![]() |
|
|
|
|
||
. use http://www.stata.com/data/jwooldridge/eacsap/lowbirth, clear
OLS. Here's a regression of low birth weight on AFDC with a dummy for 1990 (time trends) and controls for log physicians per capita, log beds per capita, log per capita income, and log population.
. reg lowbrth d90 afdcprc lphypc lbedspc lpcinc lpopul
Source | SS df MS Number of obs = 100
-------------+------------------------------ F( 6, 93) = 5.19
Model | 33.7710894 6 5.6285149 Prob > F = 0.0001
Residual | 100.834005 93 1.08423661 R-squared = 0.2509
-------------+------------------------------ Adj R-squared = 0.2026
Total | 134.605095 99 1.35964742 Root MSE = 1.0413
------------------------------------------------------------------------------
lowbrth | Coef. Std. Err. t P>|t| [95% Conf. Interval]
-------------+----------------------------------------------------------------
d90 | .5797136 .2761244 2.10 0.038 .0313853 1.128042
afdcprc | .0955932 .0921802 1.04 0.302 -.0874584 .2786448
lphypc | .3080648 .71546 0.43 0.668 -1.112697 1.728827
lbedspc | .2790041 .5130275 0.54 0.588 -.7397668 1.297775
lpcinc | -2.494685 .9783021 -2.55 0.012 -4.4374 -.5519711
lpopul | .739284 .7023191 1.05 0.295 -.6553826 2.133951
_cons | 26.57786 7.158022 3.71 0.000 12.36344 40.79227
------------------------------------------------------------------------------
It seems as if AFDC has a pernicious effect on low birth weight: each percent in AFDC is associated with an extra 1/10-th of one percent with low birth weight. A scatterplot shows a positive correlation:
. twoway (scatter lowbrth afdcprc if year==1987, mcolor(blue) ) /// > (scatter lowbrth afdcprc if year==1990, mcolor(red) ) /// > , legend( lab(1 "1987") lab(2 "1990") ring(0) pos(5) ) . graph export panelFig2.png, replace (file panelFig2.png written in PNG format)

Random Effects.
Fitting a random-effects model does not solve the problem.

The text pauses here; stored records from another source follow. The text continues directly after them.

lemma Qsub_commute_mod:
  fixes G (structure)
  assumes "R \<lhd> G" and "q \<in> Qsub G R" and "a \<in> carrier G"
  shows "\<exists>s\<in>R. q \<otimes>\<^bsub>G\<^esub> a = s \<otimes>\<^bsub>G\<^esub> (a \<otimes>\<^bsub>G\<^esub> q)"
proof -
  interpret normal R G by (rule assms(1))
  have q: "q \<in> carrier G" "R #> q \<in> group_center (G Mod R)"
    using assms(2) by (auto simp: Qsub_def)
  have "R #> a \<in> carrier (G Mod R)" using assms(3) by (simp add: carrier_FactGroup)
  with q(2) have "(R #> q) <#> (R #> a) = (R #> a) <#> (R #> q)"
    by (simp add: group_center_def)
  then have "R #> (q \<otimes> a) = R #> (a \<otimes> q)" using q(1) assms(3) by (simp add: rcos_sum)
  moreover have "q \<otimes> a \<in> R #> (q \<otimes> a)"
    using q(1) assms(3) by (intro rcos_self) (auto intro: subgroup_axioms)
  ultimately show ?thesis by (auto simp: r_coset_def)
qed

lemma transl_invariant_apply:
  fixes G (structure)
  assumes "R \<lhd> G" and "\<And>r. r \<in> R \<Longrightarrow> transl G \<phi> r k = k" and "s \<in> R"
  shows "k (\<phi> s y) = k y"
proof -
  interpret normal R G by (rule assms(1))
  have "inv s \<in> R" using assms(3) by (rule m_inv_closed)
  from assms(2)[OF this] have "k (\<phi> (inv (inv s)) y) = k y" unfolding transl_def by metis
  then show ?thesis using assms(3) subset by auto
qed

lemma Qsub_translations_commute:
  fixes G (structure)
  assumes "R \<lhd> G" and "group_action G UNIV \<phi>"
    and "\<And>r. r \<in> R \<Longrightarrow> transl G \<phi> r k = k"
    and "q \<in> Qsub G R" and "a \<in> carrier G"
  shows "k (\<phi> q (\<phi> a y)) = k (\<phi> a (\<phi> q y))"
proof -
  interpret normal R G by (rule assms(1))
  interpret group_action G UNIV \<phi> by (rule assms(2))
  have q: "q \<in> carrier G" using assms(4) by (simp add: Qsub_def)
  obtain s where s: "s \<in> R" "q \<otimes> a = s \<otimes> (a \<otimes> q)"
    using Qsub_commute_mod[OF assms(1,4,5)] by blast
  have "\<phi> q (\<phi> a y) = \<phi> s (\<phi> a (\<phi> q y))"
    using s q assms(5) subset by (metis UNIV_I composition_rule m_closed subsetD)
  then show ?thesis using transl_invariant_apply[OF assms(1,3) s(1)] by simp
qed

lemma cocompact_translate_le:
  assumes "graph_on b" and "connected_graph b"
    and "group_action G UNIV \<phi>" and "cocompact G \<phi>" and "H_invariant G \<phi> b c"
    and "harmonic b c k" and "\<And>x. k x \<ge> 0"
    and commute: "\<And>a y. a \<in> carrier G \<Longrightarrow> k (\<phi> q (\<phi> a y)) = k (\<phi> a (\<phi> q y))"
  shows "\<exists>M. \<forall>x. k (\<phi> q x) \<le> M * k x"
proof -
  interpret group_action G UNIV \<phi> by (rule assms(3))
  interpret group G using assms(3) by (rule group_action_imp_group)
  obtain V where V: "finite V" "(\<Union>a\<in>carrier G. \<phi> a ` V) = UNIV"
    using assms(4) by (auto simp: cocompact_def)
  have "\<forall>v\<in>V. \<exists>C\<ge>0. \<forall>f. harmonic b c f \<and> (\<forall>z. f z \<ge> 0) \<longrightarrow> f (\<phi> q v) \<le> C * f v"
    using harnack_connected[OF assms(1,2)] by blast
  then obtain C where C: "\<And>v. v \<in> V \<Longrightarrow> C v \<ge> 0"
    "\<And>v f. v \<in> V \<Longrightarrow> harmonic b c f \<Longrightarrow> \<forall>z. f z \<ge> 0 \<Longrightarrow> f (\<phi> q v) \<le> C v * f v"
    by metis
  have "k (\<phi> q x) \<le> (\<Sum>v\<in>V. C v) * k x" for x
  proof -
    obtain a v where a: "a \<in> carrier G" and v: "v \<in> V" and x: "x = \<phi> a v"
      using V(2) by blast
    have "k (\<phi> q x) = k (\<phi> a (\<phi> q v))" using commute[OF a] x by simp
    also have "\<dots> \<le> C v * k (\<phi> a v)"
      using C(2)[OF v harmonic_comp_action[OF group_axioms assms(5) a assms(6)]] assms(7) by blast
    also have "\<dots> \<le> (\<Sum>v\<in>V. C v) * k (\<phi> a v)"
      using assms(7) v V(1) C(1) by (intro mult_right_mono member_le_sum) auto
    finally show ?thesis using x by simp
  qed
  then show ?thesis by blast
qed
theorem lemma4p3:
  fixes M :: "'a measure" and \<zeta> :: "'a \<Rightarrow> real" and X :: "'a \<Rightarrow> nat"
    and c \<gamma> lam :: real
  assumes "prob_space M"
    and "\<zeta> \<in> borel_measurable M"
    and "X \<in> measurable M (count_space UNIV)"
    and "\<forall>\<omega>\<in>space M. \<zeta> \<omega> > 0"
    and "c > 0" and "\<gamma> > 0" and "lam > 0"
    and "(\<lambda>y. measure M {\<omega>\<in>space M. \<zeta> \<omega> > y}) \<sim>[at_top] (\<lambda>y. c * exp (- \<gamma> * y))"
    and "\<forall>k::nat. \<forall>B\<in>sets borel.
           measure M {\<omega>\<in>space M. X \<omega> > k \<and> \<zeta> \<omega> \<in> B}
           = (\<integral>\<omega>. indicator {\<omega>\<in>space M. \<zeta> \<omega> \<in> B} \<omega> * (1 - exp (- lam * \<zeta> \<omega>)) ^ k \<partial>M)"
  shows "(\<lambda>k::nat. measure M {\<omega>\<in>space M. X \<omega> > k})
           \<sim>[at_top] (\<lambda>k. c * Gamma (1 + \<gamma> / lam) * real k powr (- (\<gamma> / lam)))"
proof -
  interpret prob_space M by fact
  define U where "U \<omega> = exp (- lam * \<zeta> \<omega>)" for \<omega>
  define H where "H u = prob {\<omega>\<in>space M. U \<omega> < u}" for u
  have U: "U \<in> borel_measurable M" unfolding U_def using assms(2) by measurable
  have U01: "U \<omega> \<in> {0..1}" if "\<omega> \<in> space M" for \<omega>
    using assms(4,7) that by (simp add: U_def less_imp_le)
  have "prob {\<omega>\<in>space M. X \<omega> > k} = (\<integral>\<omega>. (1 - U \<omega>) ^ k \<partial>M)" for k
    using assms(9)[rule_format, of UNIV k] by (simp add: U_def cong: Bochner_Integration.integral_cong)
  then have S: "((\<lambda>u. real k * (1 - u) ^ (k - 1) * H u) has_integral prob {\<omega>\<in>space M. X \<omega> > k}) {0..1}"
    if "k \<ge> 1" for k
    unfolding H_def using expectation_power_has_kernel_integral[OF U U01 that] by simp
  have "{\<omega>\<in>space M. U \<omega> < 0} = {}" using U01 by force
  then have "H 0 = 0" unfolding H_def by (simp only:) simp
  moreover have "((\<lambda>u. H u / u powr (\<gamma> / lam)) \<longlongrightarrow> c) (at_right 0)"
    unfolding H_def U_def using assms(5,7,8) by (intro tendsto_prob_exp_neg_less_at_right_0) auto
  ultimately have "(\<lambda>k. real k powr (\<gamma> / lam) * prob {\<omega>\<in>space M. X \<omega> > k}) \<longlonglongrightarrow> c * Gamma (\<gamma> / lam + 1)"
    using assms(6,7) S by (intro kernel_transform_asymptotic) (auto simp: H_def)
  moreover have "Gamma (\<gamma> / lam + 1) > 0" using assms(6,7) by (intro Gamma_real_pos add_pos_pos) auto
  then have "c * Gamma (\<gamma> / lam + 1) \<noteq> 0" using \<open>c > 0\<close> by simp
  ultimately show ?thesis
    using asymp_equiv_powr_of_tendsto[of "\<gamma> / lam"] by (simp add: add.commute)
qed

end
(* Let $(G,M,\Delta)$ be a Garside structure, $(H,N,\delta)$ a parabolic substructure with $H\ne\{1\}$, and $T$ the set of $(H,N)$-reduced elements of $G$. Let $\mathcal S=\mathrm{Div}(\Delta)\setminus\{1\}$ and let $\lg$ denote word length in $G$ with respect to $\mathcal S$. For a right coset $C$ of $H$ in $G$ put $\lg(C)=\min\{\lg(\beta):\beta\in C\}$. Then $\lg(\theta)=\lg(H\theta)$ for every $\theta\in T$.
   Context: Let $G$ be a group and $M$ a submonoid with $M\cap M^{-1}=\{1\}$. Define partial orders on $G$ by $\alpha\le_L\beta$ iff $\alpha^{-1}\beta\in M$, and $\alpha\le_R\beta$ iff $\beta\alpha^{-1}\in M$. For $a\in M$ let $\mathrm{Div}_L(a)=\{b\in M: b\le_L a\}$, $\mathrm{Div}_R(a)=\{b\in M: b\le_R a\}$; $a$ is balanced if these coincide, and then $\mathrm{Div}(a)$ denotes this set. $M$ is Noetherian if each $a\in M$ admits an integer $n$ such that $a$ is not a product of more than $n$ non-trivial factors. A Garside structure $(G,M,\Delta)$ consists of such $G,M$ and a balanced $\Delta\in M$ such that: $M$ is Noetherian; $\mathrm{Div}(\Delta)$ is finite and generates $M$ as a monoid and $G$ as a group; $(G,\le_L)$ is a lattice (with meet $\wedge_L$). A parabolic substructure is a triple $(H,N,\delta)$ where $\delta\in M$ is balanced, $H$ (resp. $N$) is the subgroup of $G$ (resp. submonoid of $M$) generated by $\mathrm{Div}(\delta)$, and $\mathrm{Div}(\delta)=\mathrm{Div}(\Delta)\cap N$. Put $\omega=\delta^{-1}\Delta\in M$. An element $a\in M$ is unmovable if $\Delta\not\le_L a$. Every $\alpha\in G$ has a unique right $\Delta$-form $\alpha=a\Delta^p$ with $a\in M$ unmovable and $p\in\mathbb Z$. An element $a\in M$ is $N$-reduced if $a\wedge_L\delta=1$. An element $\alpha\in G$ with right $\Delta$-form $a\Delta^p$ is $(H,N)$-reduced if $a$ is $N$-reduced and either $p=0$, or $p<0$ and $\omega\not\le_L a$. *)

theory Defs
  imports "HOL-Algebra.Algebra"
begin

definition lprod :: "('a, 'b) monoid_scheme \<Rightarrow> 'a list \<Rightarrow> 'a" where
  "lprod G xs = foldr (\<lambda>x y. x \<otimes>\<^bsub>G\<^esub> y) xs \<one>\<^bsub>G\<^esub>"
theorem lemma4p2:
  fixes Phi :: "real^'n^'p" and R :: "real^'n \<Rightarrow> ereal"
    and ybar :: "real^'p" and lam :: "nat \<Rightarrow> real" and y :: "nat \<Rightarrow> real^'p"
  assumes "proper_fun R" and "lsc_fun R" and "convex_fun R"
    and "\<forall>z. Phi *v z = 0 \<and> z \<noteq> 0 \<longrightarrow> recession_fun R z > 0"
    and "dual_sol Phi R 0 ybar \<noteq> {}"
    and "\<forall>k. lam k > 0"
    and "(\<lambda>k. norm (y k - ybar) / lam k) \<longlonglongrightarrow> 0"
    and "lam \<longlonglongrightarrow> 0"
  shows "(\<lambda>k. q_star Phi R (lam k) (y k)) \<longlonglongrightarrow> q_F Phi R ybar"
proof (rule tendsto_unique_limit_point)
  obtain p where p: "p \<in> dual_sol Phi R 0 ybar" using assms(5) by blast
  then have "p \<in> dual_dom Phi R" by (simp add: mem_dual_sol_iff[OF assms(1)])
  then have sol: "q_star Phi R (lam k) (y k) \<in> dual_sol Phi R (lam k) (y k)" for k
    using q_star_mem_dual_sol[OF assms(1)] assms(6) by blast
  have "Bseq (\<lambda>k. norm (y k - ybar) / lam k)"
    using assms(7) by (intro convergent_imp_Bseq convergentI)
  then obtain K where "\<And>k. norm (norm (y k - ybar) / lam k) \<le> K" by (meson BseqE)
  then have "norm (y k - ybar) / lam k \<le> K" for k by (metis abs_le_D1 real_norm_def)
  then have "norm (q_star Phi R (lam k) (y k)) \<le> norm p + 2 * K" for k
    using dual_sol_norm_bound[OF assms(1) _ sol[of k] p] assms(6) by (smt (verit))
  then show "bounded (range (\<lambda>k. q_star Phi R (lam k) (y k)))"
    unfolding bounded_iff by blast
  fix r l
  assume r: "strict_mono r" and lim: "((\<lambda>k. q_star Phi R (lam k) (y k)) \<circ> r) \<longlonglongrightarrow> l"
  show "l = q_F Phi R ybar"
  proof (rule sym,
      rule dual_sol_limit_eq_q_F[OF assms(1) _ _ _ _ lim, where lam = "lam \<circ> r" and y = "y \<circ> r"])
    show "(\<lambda>j. norm ((y \<circ> r) j - ybar) / (lam \<circ> r) j) \<longlonglongrightarrow> 0"
      using LIMSEQ_subseq_LIMSEQ[OF assms(7) r] by (simp add: comp_def)
    show "(lam \<circ> r) \<longlonglongrightarrow> 0" using LIMSEQ_subseq_LIMSEQ[OF assms(8) r] .
  qed (use sol assms(6) in auto)
qed
lemma nonpos_if_deriv_le_sup:
  fixes \<phi> d :: "real \<Rightarrow> 'a \<Rightarrow> real"
  assumes "0 \<le> A"
    and cont: "\<And>x. x \<in> X \<Longrightarrow> continuous_on {t0..t1} (\<lambda>t. \<phi> t x)"
    and deriv: "\<And>t x. t \<in> {t0<..<t1} \<Longrightarrow> x \<in> X \<Longrightarrow> ((\<lambda>t. \<phi> t x) has_real_derivative d t x) (at t)"
    and bdd: "bdd_above ((\<lambda>(t, x). \<phi> t x) ` ({t0..t1} \<times> X))"
    and init: "\<And>x. x \<in> X \<Longrightarrow> \<phi> t0 x \<le> 0"
    and rate: "\<And>t x m. t \<in> {t0<..<t1} \<Longrightarrow> x \<in> X \<Longrightarrow> 0 < \<phi> t x \<Longrightarrow> \<forall>y\<in>X. \<phi> t y \<le> m \<Longrightarrow> d t x \<le> A * m"
    and t: "t \<in> {t0..t1}" and x: "x \<in> X"
  shows "\<phi> t x \<le> 0"
proof -
  define h where "h = 1 / (A + 1)"
  have "0 < h" and "A * h < 1" using \<open>0 \<le> A\<close> by (auto simp: h_def field_simps)
  have steps: "\<forall>t\<in>{t0..min t1 (t0 + real n * h)}. \<forall>x\<in>X. \<phi> t x \<le> 0" for n
  proof (induction n)
    case 0
    then show ?case using init by auto
  next
    case (Suc n)
    define a where "a = min t1 (t0 + real n * h)"
    define T where "T = min t1 (t0 + real (Suc n) * h)"
    show ?case unfolding T_def[symmetric]
    proof (intro ballI)
      fix t x assume t: "t \<in> {t0..T}" and x: "x \<in> X"
      show "\<phi> t x \<le> 0"
      proof (cases "t \<le> a")
        case True
        then show ?thesis using Suc.IH t x unfolding a_def T_def by auto
      next
        case False
        have "t0 \<le> a" "a \<le> T" "T \<le> t1" "T - a \<le> h"
          using t False \<open>0 < h\<close> by (auto simp: a_def T_def algebra_simps)
        have "A * (T - a) < 1"
          using \<open>A * h < 1\<close> mult_left_mono[OF \<open>T - a \<le> h\<close> \<open>0 \<le> A\<close>] by linarith
        have "{a..T} \<subseteq> {t0..t1}" and "{a<..<T} \<subseteq> {t0<..<t1}"
          using \<open>t0 \<le> a\<close> \<open>T \<le> t1\<close> by auto
        show ?thesis
        proof (rule nonpos_if_deriv_le_sup_short[where a = a and T = T and \<phi> = \<phi> and d = d and X = X])
          show "continuous_on {a..T} (\<lambda>t. \<phi> t x)" if "x \<in> X" for x
            by (rule continuous_on_subset[OF cont[OF that] \<open>{a..T} \<subseteq> {t0..t1}\<close>])
          show "bdd_above ((\<lambda>(t, x). \<phi> t x) ` ({a..T} \<times> X))"
            using \<open>{a..T} \<subseteq> {t0..t1}\<close> by (intro bdd_above_mono[OF bdd] image_mono) auto
          show "\<phi> a x \<le> 0" if "x \<in> X" for x
            using Suc.IH that \<open>t0 \<le> a\<close> unfolding a_def by auto
          show "((\<lambda>t. \<phi> t x) has_real_derivative d t x) (at t)" if "t \<in> {a<..<T}" "x \<in> X" for t x
            using deriv that \<open>{a<..<T} \<subseteq> {t0<..<t1}\<close> by blast
          show "d t x \<le> A * m"
            if "t \<in> {a<..<T}" "x \<in> X" "0 < \<phi> t x" "\<forall>y\<in>X. \<phi> t y \<le> m" for t x m
            using rate that \<open>{a<..<T} \<subseteq> {t0<..<t1}\<close> by blast
        qed (use \<open>a \<le> T\<close> \<open>0 \<le> A\<close> \<open>A * (T - a) < 1\<close> t x False in auto)
      qed
    qed
  qed
  obtain n :: nat where "(t1 - t0) / h < real n" using reals_Archimedean2 by blast
  then have "t1 \<le> t0 + real n * h" using \<open>0 < h\<close> by (simp add: field_simps)
  then show ?thesis using steps[of n] t x by auto
qed

lemma assm_AJ_Lop_lipschitz_diff_le:
  fixes \<Omega> :: "'a::euclidean_space set"
  assumes qe: "quasi_euclidean (closure \<Omega>) \<delta>" and AJ: "assm_AJ J \<delta> \<Omega>" and \<Omega>: "open \<Omega>"
    and f: "L-lipschitz_on {-B..B} f"
  obtains A where "0 \<le> A"
    and "\<And>w1 w2 x m. x \<in> \<Omega> \<Longrightarrow> continuous_on \<Omega> w1 \<Longrightarrow> continuous_on \<Omega> w2 \<Longrightarrow>
      \<forall>y\<in>\<Omega>. \<bar>w1 y\<bar> \<le> B \<and> \<bar>w2 y\<bar> \<le> B \<Longrightarrow> \<forall>y\<in>\<Omega>. w2 y - w1 y \<le> m \<Longrightarrow> w1 x \<le> w2 x \<Longrightarrow>
      (Lop J \<delta> \<Omega> w2 x + f (w2 x)) - (Lop J \<delta> \<Omega> w1 x + f (w1 x)) \<le> A * m"
proof -
  have \<Omega>_sets: "\<Omega> \<in> sets lebesgue" using \<Omega> by simp
  obtain C where "0 \<le> C" and kernel_int: "\<And>x. x \<in> \<Omega> \<Longrightarrow> integrable (lebesgue_on \<Omega>) (\<lambda>y. J (\<delta> x y))"
    and kernel_le: "\<And>x. x \<in> \<Omega> \<Longrightarrow> (\<integral>y. J (\<delta> x y) \<partial>lebesgue_on \<Omega>) \<le> C"
    using assm_AJ_kernel_integral_bounded[OF qe AJ \<Omega>] by blast
  show ?thesis
  proof
    show "0 \<le> C + L" using \<open>0 \<le> C\<close> lipschitz_on_nonneg[OF f] by simp
    fix w1 w2 :: "'a \<Rightarrow> real" and x m
    assume x: "x \<in> \<Omega>" and cont: "continuous_on \<Omega> w1" "continuous_on \<Omega> w2"
      and bdd: "\<forall>y\<in>\<Omega>. \<bar>w1 y\<bar> \<le> B \<and> \<bar>w2 y\<bar> \<le> B"
      and le_m: "\<forall>y\<in>\<Omega>. w2 y - w1 y \<le> m" and le_x: "w1 x \<le> w2 x"
    have "Lop J \<delta> \<Omega> w2 x - Lop J \<delta> \<Omega> w1 x \<le> C * m"
    proof (rule Lop_diff_le[where J = J and \<delta> = \<delta>, OF \<Omega>_sets x kernel_int[OF x] _ kernel_le[OF x]])
      show "0 \<le> J (\<delta> x y)" if "y \<in> \<Omega>" for y
        using assm_AJ_kernel_nonneg[OF qe AJ] x that closure_subset by blast
      show "w1 \<in> borel_measurable (lebesgue_on \<Omega>)" "w2 \<in> borel_measurable (lebesgue_on \<Omega>)"
        using cont by (auto intro: continuous_imp_measurable_on_sets_lebesgue[OF _ \<Omega>_sets])
    qed (use bdd le_m le_x in auto)
    moreover have "f (w2 x) - f (w1 x) \<le> L * m"
    proof -
      have "dist (f (w2 x)) (f (w1 x)) \<le> L * dist (w2 x) (w1 x)"
        using bdd x by (intro lipschitz_onD[OF f]) auto
      also have "\<dots> \<le> L * m"
        using le_m x le_x lipschitz_on_nonneg[OF f] by (intro mult_left_mono) (auto simp: dist_real_def)
      finally show ?thesis by (simp add: dist_real_def)
    qed
    ultimately show "(Lop J \<delta> \<Omega> w2 x + f (w2 x)) - (Lop J \<delta> \<Omega> w1 x + f (w1 x)) \<le> (C + L) * m"
      by (simp add: distrib_right)
  qed
qed

theorem lemma3p1:
  fixes K :: "'a::euclidean_space set" and \<Omega> :: "'a set"
    and \<delta> :: "'a \<Rightarrow> 'a \<Rightarrow> real" and J :: "real \<Rightarrow> real" and f :: "real \<Rightarrow> real"
    and t0 t1 :: real and u1 u2 v1 v2 :: "real \<Rightarrow> 'a \<Rightarrow> real"
  assumes K: "compact K" and \<Omega>_def: "\<Omega> = UNIV - K" and conn: "connected \<Omega>"
    and qe: "quasi_euclidean (closure \<Omega>) \<delta>"
    and AJ: "assm_AJ J \<delta> \<Omega>"
    and f_lip: "\<forall>S. compact S \<longrightarrow> (\<exists>C. C-lipschitz_on S f)"
    and t01: "t0 < t1"
    and meas1: "(\<lambda>p. u1 (fst p) (snd p)) \<in> borel_measurable (restrict_space (lborel \<Otimes>\<^sub>M lborel) ({t0..t1} \<times> \<Omega>))"
    and meas2: "(\<lambda>p. u2 (fst p) (snd p)) \<in> borel_measurable (restrict_space (lborel \<Otimes>\<^sub>M lborel) ({t0..t1} \<times> \<Omega>))"
    and bdd1: "\<exists>M. \<forall>t\<in>{t0..t1}. \<forall>x\<in>\<Omega>. \<bar>u1 t x\<bar> \<le> M"
    and bdd2: "\<exists>M. \<forall>t\<in>{t0..t1}. \<forall>x\<in>\<Omega>. \<bar>u2 t x\<bar> \<le> M"
    and cx1: "\<forall>t\<in>{t0<..t1}. continuous_on \<Omega> (u1 t) \<and> continuous_on \<Omega> (v1 t)"
    and cx2: "\<forall>t\<in>{t0<..t1}. continuous_on \<Omega> (u2 t) \<and> continuous_on \<Omega> (v2 t)"
    and c01: "continuous_on \<Omega> (u1 t0)" and c02: "continuous_on \<Omega> (u2 t0)"
    and ct1: "\<forall>x\<in>\<Omega>. continuous_on {t0..t1} (\<lambda>t. u1 t x) \<and> continuous_on {t0<..t1} (\<lambda>t. v1 t x)
               \<and> (\<forall>t\<in>{t0<..t1}. ((\<lambda>s. u1 s x) has_real_derivative v1 t x) (at t within {t0<..t1}))"
    and ct2: "\<forall>x\<in>\<Omega>. continuous_on {t0..t1} (\<lambda>t. u2 t x) \<and> continuous_on {t0<..t1} (\<lambda>t. v2 t x)
               \<and> (\<forall>t\<in>{t0<..t1}. ((\<lambda>s. u2 s x) has_real_derivative v2 t x) (at t within {t0<..t1}))"
    and dbdd1: "\<exists>M. \<forall>t\<in>{t0<..t1}. \<forall>x\<in>\<Omega>. \<bar>v1 t x\<bar> \<le> M"
    and dbdd2: "\<exists>M. \<forall>t\<in>{t0<..t1}. \<forall>x\<in>\<Omega>. \<bar>v2 t x\<bar> \<le> M"
    and ineq: "\<forall>t\<in>{t0<..t1}. \<forall>x\<in>\<Omega>.
                 v1 t x - Lop J \<delta> \<Omega> (u1 t) x - f (u1 t x) \<ge> v2 t x - Lop J \<delta> \<Omega> (u2 t) x - f (u2 t x)"
    and init: "\<forall>x\<in>\<Omega>. u1 t0 x \<ge> u2 t0 x"
  shows "\<forall>t\<in>{t0..t1}. \<forall>x\<in>\<Omega>. u1 t x \<ge> u2 t x"
proof -
  have \<Omega>: "open \<Omega>" unfolding \<Omega>_def using K by (simp add: compact_imp_closed open_Diff)
  obtain B where u_bdd: "\<And>t x. t \<in> {t0..t1} \<Longrightarrow> x \<in> \<Omega> \<Longrightarrow> \<bar>u1 t x\<bar> \<le> B \<and> \<bar>u2 t x\<bar> \<le> B"
    using bdd1 bdd2 by (metis max.cobounded1 max.cobounded2 order_trans)
  obtain L where "L-lipschitz_on {-B..B} f" using f_lip by blast
  then obtain A where "0 \<le> A" and rate: "\<And>w1 w2 x m. x \<in> \<Omega> \<Longrightarrow> continuous_on \<Omega> w1 \<Longrightarrow> continuous_on \<Omega> w2 \<Longrightarrow>
      \<forall>y\<in>\<Omega>. \<bar>w1 y\<bar> \<le> B \<and> \<bar>w2 y\<bar> \<le> B \<Longrightarrow> \<forall>y\<in>\<Omega>. w2 y - w1 y \<le> m \<Longrightarrow> w1 x \<le> w2 x \<Longrightarrow>
      (Lop J \<delta> \<Omega> w2 x + f (w2 x)) - (Lop J \<delta> \<Omega> w1 x + f (w1 x)) \<le> A * m"
    using assm_AJ_Lop_lipschitz_diff_le[OF qe AJ \<Omega>] by blast
  have "u2 t x - u1 t x \<le> 0" if "t \<in> {t0..t1}" "x \<in> \<Omega>" for t x
  proof (rule nonpos_if_deriv_le_sup[where d = "\<lambda>t x. v2 t x - v1 t x", OF \<open>0 \<le> A\<close> _ _ _ _ _ that])
    show "continuous_on {t0..t1} (\<lambda>t. u2 t x - u1 t x)" if "x \<in> \<Omega>" for x
      using ct1 ct2 that by (intro continuous_on_diff) auto
    show "((\<lambda>t. u2 t x - u1 t x) has_real_derivative v2 t x - v1 t x) (at t)"
      if "t \<in> {t0<..<t1}" "x \<in> \<Omega>" for t x
    proof -
      have at_t: "at t within {t0<..t1} = at t" using that by (intro at_within_interior) auto
      have "((\<lambda>s. u2 s x) has_real_derivative v2 t x) (at t within {t0<..t1})"
        and "((\<lambda>s. u1 s x) has_real_derivative v1 t x) (at t within {t0<..t1})"
        using ct1 ct2 that by auto
      then show ?thesis unfolding at_t by (rule DERIV_diff)
    qed
    show "bdd_above ((\<lambda>(t, x). u2 t x - u1 t x) ` ({t0..t1} \<times> \<Omega>))"
      using u_bdd by (intro bdd_aboveI[of _ "2 * B"]) (force simp: abs_le_iff)
    show "u2 t0 x - u1 t0 x \<le> 0" if "x \<in> \<Omega>" for x using init that by simp
    show "v2 t x - v1 t x \<le> A * m"
      if "t \<in> {t0<..<t1}" "x \<in> \<Omega>" "0 < u2 t x - u1 t x" "\<forall>y\<in>\<Omega>. u2 t y - u1 t y \<le> m" for t x m
      using rate[of x "u1 t" "u2 t" m] ineq[rule_format, of t x] cx1 cx2 u_bdd[of t] that by auto
  qed
  then show ?thesis by auto
qed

I first encode the state abbreviation because xtreg
requires numerical id variables.
. encode stateabb, gen(stateid)
. xtreg lowbrth d90 afdcprc lphypc lbedspc lpcinc lpopul, i(stateid) mle
Fitting constant-only model:
Iteration 0: log likelihood = -108.24542
Iteration 1: log likelihood = -107.11904
Iteration 2: log likelihood = -107.04455
Iteration 3: log likelihood = -107.04404
Fitting full model:
Iteration 0: log likelihood = -99.608575
Iteration 1: log likelihood = -99.37118
Iteration 2: log likelihood = -99.370515
Iteration 3: log likelihood = -99.370515
Random-effects ML regression Number of obs = 100
Group variable (i): stateid Number of groups = 50
Random effects u_i ~ Gaussian Obs per group: min = 2
avg = 2.0
max = 2
LR chi2(6) = 15.35
Log likelihood = -99.370515 Prob > chi2 = 0.0177
------------------------------------------------------------------------------
lowbrth | Coef. Std. Err. z P>|z| [95% Conf. Interval]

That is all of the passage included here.